*** Given information ***
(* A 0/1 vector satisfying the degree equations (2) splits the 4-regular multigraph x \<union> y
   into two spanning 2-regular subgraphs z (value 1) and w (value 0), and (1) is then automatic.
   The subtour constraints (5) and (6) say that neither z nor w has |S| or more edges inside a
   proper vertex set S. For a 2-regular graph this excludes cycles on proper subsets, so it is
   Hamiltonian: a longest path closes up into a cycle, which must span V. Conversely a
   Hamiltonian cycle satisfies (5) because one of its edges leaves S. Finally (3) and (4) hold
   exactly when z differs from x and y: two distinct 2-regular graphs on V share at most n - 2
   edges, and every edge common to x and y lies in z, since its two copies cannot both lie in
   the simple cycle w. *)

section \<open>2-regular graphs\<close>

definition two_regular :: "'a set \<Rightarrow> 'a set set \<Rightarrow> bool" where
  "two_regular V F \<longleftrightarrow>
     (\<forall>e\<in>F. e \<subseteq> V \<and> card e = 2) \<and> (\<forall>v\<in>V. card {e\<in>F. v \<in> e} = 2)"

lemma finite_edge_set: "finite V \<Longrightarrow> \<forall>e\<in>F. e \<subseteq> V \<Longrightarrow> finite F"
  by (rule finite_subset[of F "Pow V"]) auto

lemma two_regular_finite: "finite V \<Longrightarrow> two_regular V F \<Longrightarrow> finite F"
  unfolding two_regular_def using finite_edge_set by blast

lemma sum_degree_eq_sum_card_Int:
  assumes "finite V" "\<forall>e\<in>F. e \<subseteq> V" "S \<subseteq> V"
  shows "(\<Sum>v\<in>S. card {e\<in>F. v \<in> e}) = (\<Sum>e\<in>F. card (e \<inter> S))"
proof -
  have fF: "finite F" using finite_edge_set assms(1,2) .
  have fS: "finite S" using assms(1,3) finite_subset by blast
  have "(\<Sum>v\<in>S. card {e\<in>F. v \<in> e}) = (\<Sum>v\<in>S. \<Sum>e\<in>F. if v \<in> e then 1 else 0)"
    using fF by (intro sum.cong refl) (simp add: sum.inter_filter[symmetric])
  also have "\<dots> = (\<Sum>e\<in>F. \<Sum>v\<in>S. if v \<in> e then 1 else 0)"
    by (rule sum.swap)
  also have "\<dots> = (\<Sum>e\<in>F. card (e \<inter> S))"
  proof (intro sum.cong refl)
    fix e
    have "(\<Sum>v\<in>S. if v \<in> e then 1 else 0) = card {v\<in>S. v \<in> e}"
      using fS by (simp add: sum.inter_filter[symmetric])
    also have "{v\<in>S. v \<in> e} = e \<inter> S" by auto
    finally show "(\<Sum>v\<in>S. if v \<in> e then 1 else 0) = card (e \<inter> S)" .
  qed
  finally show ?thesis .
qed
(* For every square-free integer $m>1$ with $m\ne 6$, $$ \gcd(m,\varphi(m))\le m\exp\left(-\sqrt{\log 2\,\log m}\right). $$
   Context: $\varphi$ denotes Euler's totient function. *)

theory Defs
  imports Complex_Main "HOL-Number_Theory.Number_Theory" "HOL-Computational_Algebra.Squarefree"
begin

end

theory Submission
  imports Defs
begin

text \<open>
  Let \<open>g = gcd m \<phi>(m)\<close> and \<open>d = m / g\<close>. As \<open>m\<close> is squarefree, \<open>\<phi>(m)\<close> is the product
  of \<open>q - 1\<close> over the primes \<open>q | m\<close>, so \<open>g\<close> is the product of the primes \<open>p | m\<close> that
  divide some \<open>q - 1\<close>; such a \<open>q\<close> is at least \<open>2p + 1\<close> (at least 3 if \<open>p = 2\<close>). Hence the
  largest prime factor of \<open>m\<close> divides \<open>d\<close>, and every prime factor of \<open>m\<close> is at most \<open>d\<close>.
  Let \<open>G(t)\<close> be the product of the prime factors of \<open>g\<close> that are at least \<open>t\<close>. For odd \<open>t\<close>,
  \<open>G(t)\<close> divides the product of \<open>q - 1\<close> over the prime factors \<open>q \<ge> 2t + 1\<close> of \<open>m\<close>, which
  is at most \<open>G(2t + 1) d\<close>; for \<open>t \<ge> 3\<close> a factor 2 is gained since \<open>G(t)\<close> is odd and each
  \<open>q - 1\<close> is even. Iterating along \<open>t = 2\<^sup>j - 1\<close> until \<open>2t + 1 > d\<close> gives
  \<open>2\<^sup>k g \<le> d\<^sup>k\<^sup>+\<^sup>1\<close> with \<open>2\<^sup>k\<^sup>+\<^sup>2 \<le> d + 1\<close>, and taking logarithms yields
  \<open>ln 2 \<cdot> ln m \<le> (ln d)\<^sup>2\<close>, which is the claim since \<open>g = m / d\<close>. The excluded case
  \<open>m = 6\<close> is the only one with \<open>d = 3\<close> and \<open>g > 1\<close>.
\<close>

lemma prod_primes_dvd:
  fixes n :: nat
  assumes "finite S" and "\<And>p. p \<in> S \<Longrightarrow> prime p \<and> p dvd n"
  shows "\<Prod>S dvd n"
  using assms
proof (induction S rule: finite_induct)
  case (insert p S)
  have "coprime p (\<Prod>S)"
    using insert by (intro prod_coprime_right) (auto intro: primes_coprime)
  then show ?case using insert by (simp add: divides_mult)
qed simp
*** End of Given information ***
▸ Goal of the exercise: Each line shown above must be repeated exactly.

▸ Written response:
(* A 0/1 vector satisfying the degree equations (2) splits the 4-regular multigraph x \<union> y
   into two spanning 2-regular subgraphs z (value 1) and w (value 0), and (1) is then automatic.
   The subtour constraints (5) and (6) say that neither z nor w has |S| or more edges inside a
   proper vertex set S. For a 2-regular graph this excludes cycles on proper subsets, so it is
   Hamiltonian: a longest path closes up into a cycle, which must span V. Conversely a
   Hamiltonian cycle satisfies (5) because one of its edges leaves S. Finally (3) and (4) hold
   exactly when z differs from x and y: two distinct 2-regular graphs on V share at most n - 2
   edges, and every edge common to x and y lies in z, since its two copies cannot both lie in
   the simple cycle w. *)

section \<open>2-regular graphs\<close>

definition two_regular :: "'a set \<Rightarrow> 'a set set \<Rightarrow> bool" where
  "two_regular V F \<longleftrightarrow>
     (\<forall>e\<in>F. e \<subseteq> V \<and> card e = 2) \<and> (\<forall>v\<in>V. card {e\<in>F. v \<in> e} = 2)"

lemma finite_edge_set: "finite V \<Longrightarrow> \<forall>e\<in>F. e \<subseteq> V \<Longrightarrow> finite F"
  by (rule finite_subset[of F "Pow V"]) auto

lemma two_regular_finite: "finite V \<Longrightarrow> two_regular V F \<Longrightarrow> finite F"
  unfolding two_regular_def using finite_edge_set by blast

lemma sum_degree_eq_sum_card_Int:
  assumes "finite V" "\<forall>e\<in>F. e \<subseteq> V" "S \<subseteq> V"
  shows "(\<Sum>v\<in>S. card {e\<in>F. v \<in> e}) = (\<Sum>e\<in>F. card (e \<inter> S))"
proof -
  have fF: "finite F" using finite_edge_set assms(1,2) .
  have fS: "finite S" using assms(1,3) finite_subset by blast
  have "(\<Sum>v\<in>S. card {e\<in>F. v \<in> e}) = (\<Sum>v\<in>S. \<Sum>e\<in>F. if v \<in> e then 1 else 0)"
    using fF by (intro sum.cong refl) (simp add: sum.inter_filter[symmetric])
  also have "\<dots> = (\<Sum>e\<in>F. \<Sum>v\<in>S. if v \<in> e then 1 else 0)"
    by (rule sum.swap)
  also have "\<dots> = (\<Sum>e\<in>F. card (e \<inter> S))"
  proof (intro sum.cong refl)
    fix e
    have "(\<Sum>v\<in>S. if v \<in> e then 1 else 0) = card {v\<in>S. v \<in> e}"
      using fS by (simp add: sum.inter_filter[symmetric])
    also have "{v\<in>S. v \<in> e} = e \<inter> S" by auto
    finally show "(\<Sum>v\<in>S. if v \<in> e then 1 else 0) = card (e \<inter> S)" .
  qed
  finally show ?thesis .
qed
(* For every square-free integer $m>1$ with $m\ne 6$, $$ \gcd(m,\varphi(m))\le m\exp\left(-\sqrt{\log 2\,\log m}\right). $$
   Context: $\varphi$ denotes Euler's totient function. *)

theory Defs
  imports Complex_Main "HOL-Number_Theory.Number_Theory" "HOL-Computational_Algebra.Squarefree"
begin

end

theory Submission
  imports Defs
begin

text \<open>
  Let \<open>g = gcd m \<phi>(m)\<close> and \<open>d = m / g\<close>. As \<open>m\<close> is squarefree, \<open>\<phi>(m)\<close> is the product
  of \<open>q - 1\<close> over the primes \<open>q | m\<close>, so \<open>g\<close> is the product of the primes \<open>p | m\<close> that
  divide some \<open>q - 1\<close>; such a \<open>q\<close> is at least \<open>2p + 1\<close> (at least 3 if \<open>p = 2\<close>). Hence the
  largest prime factor of \<open>m\<close> divides \<open>d\<close>, and every prime factor of \<open>m\<close> is at most \<open>d\<close>.
  Let \<open>G(t)\<close> be the product of the prime factors of \<open>g\<close> that are at least \<open>t\<close>. For odd \<open>t\<close>,
  \<open>G(t)\<close> divides the product of \<open>q - 1\<close> over the prime factors \<open>q \<ge> 2t + 1\<close> of \<open>m\<close>, which
  is at most \<open>G(2t + 1) d\<close>; for \<open>t \<ge> 3\<close> a factor 2 is gained since \<open>G(t)\<close> is odd and each
  \<open>q - 1\<close> is even. Iterating along \<open>t = 2\<^sup>j - 1\<close> until \<open>2t + 1 > d\<close> gives
  \<open>2\<^sup>k g \<le> d\<^sup>k\<^sup>+\<^sup>1\<close> with \<open>2\<^sup>k\<^sup>+\<^sup>2 \<le> d + 1\<close>, and taking logarithms yields
  \<open>ln 2 \<cdot> ln m \<le> (ln d)\<^sup>2\<close>, which is the claim since \<open>g = m / d\<close>. The excluded case
  \<open>m = 6\<close> is the only one with \<open>d = 3\<close> and \<open>g > 1\<close>.
\<close>

lemma prod_primes_dvd:
  fixes n :: nat
  assumes "finite S" and "\<And>p. p \<in> S \<Longrightarrow> prime p \<and> p dvd n"
  shows "\<Prod>S dvd n"
  using assms
proof (induction S rule: finite_induct)
  case (insert p S)
  have "coprime p (\<Prod>S)"
    using insert by (intro prod_coprime_right) (auto intro: primes_coprime)
  then show ?case using insert by (simp add: divides_mult)
qed simp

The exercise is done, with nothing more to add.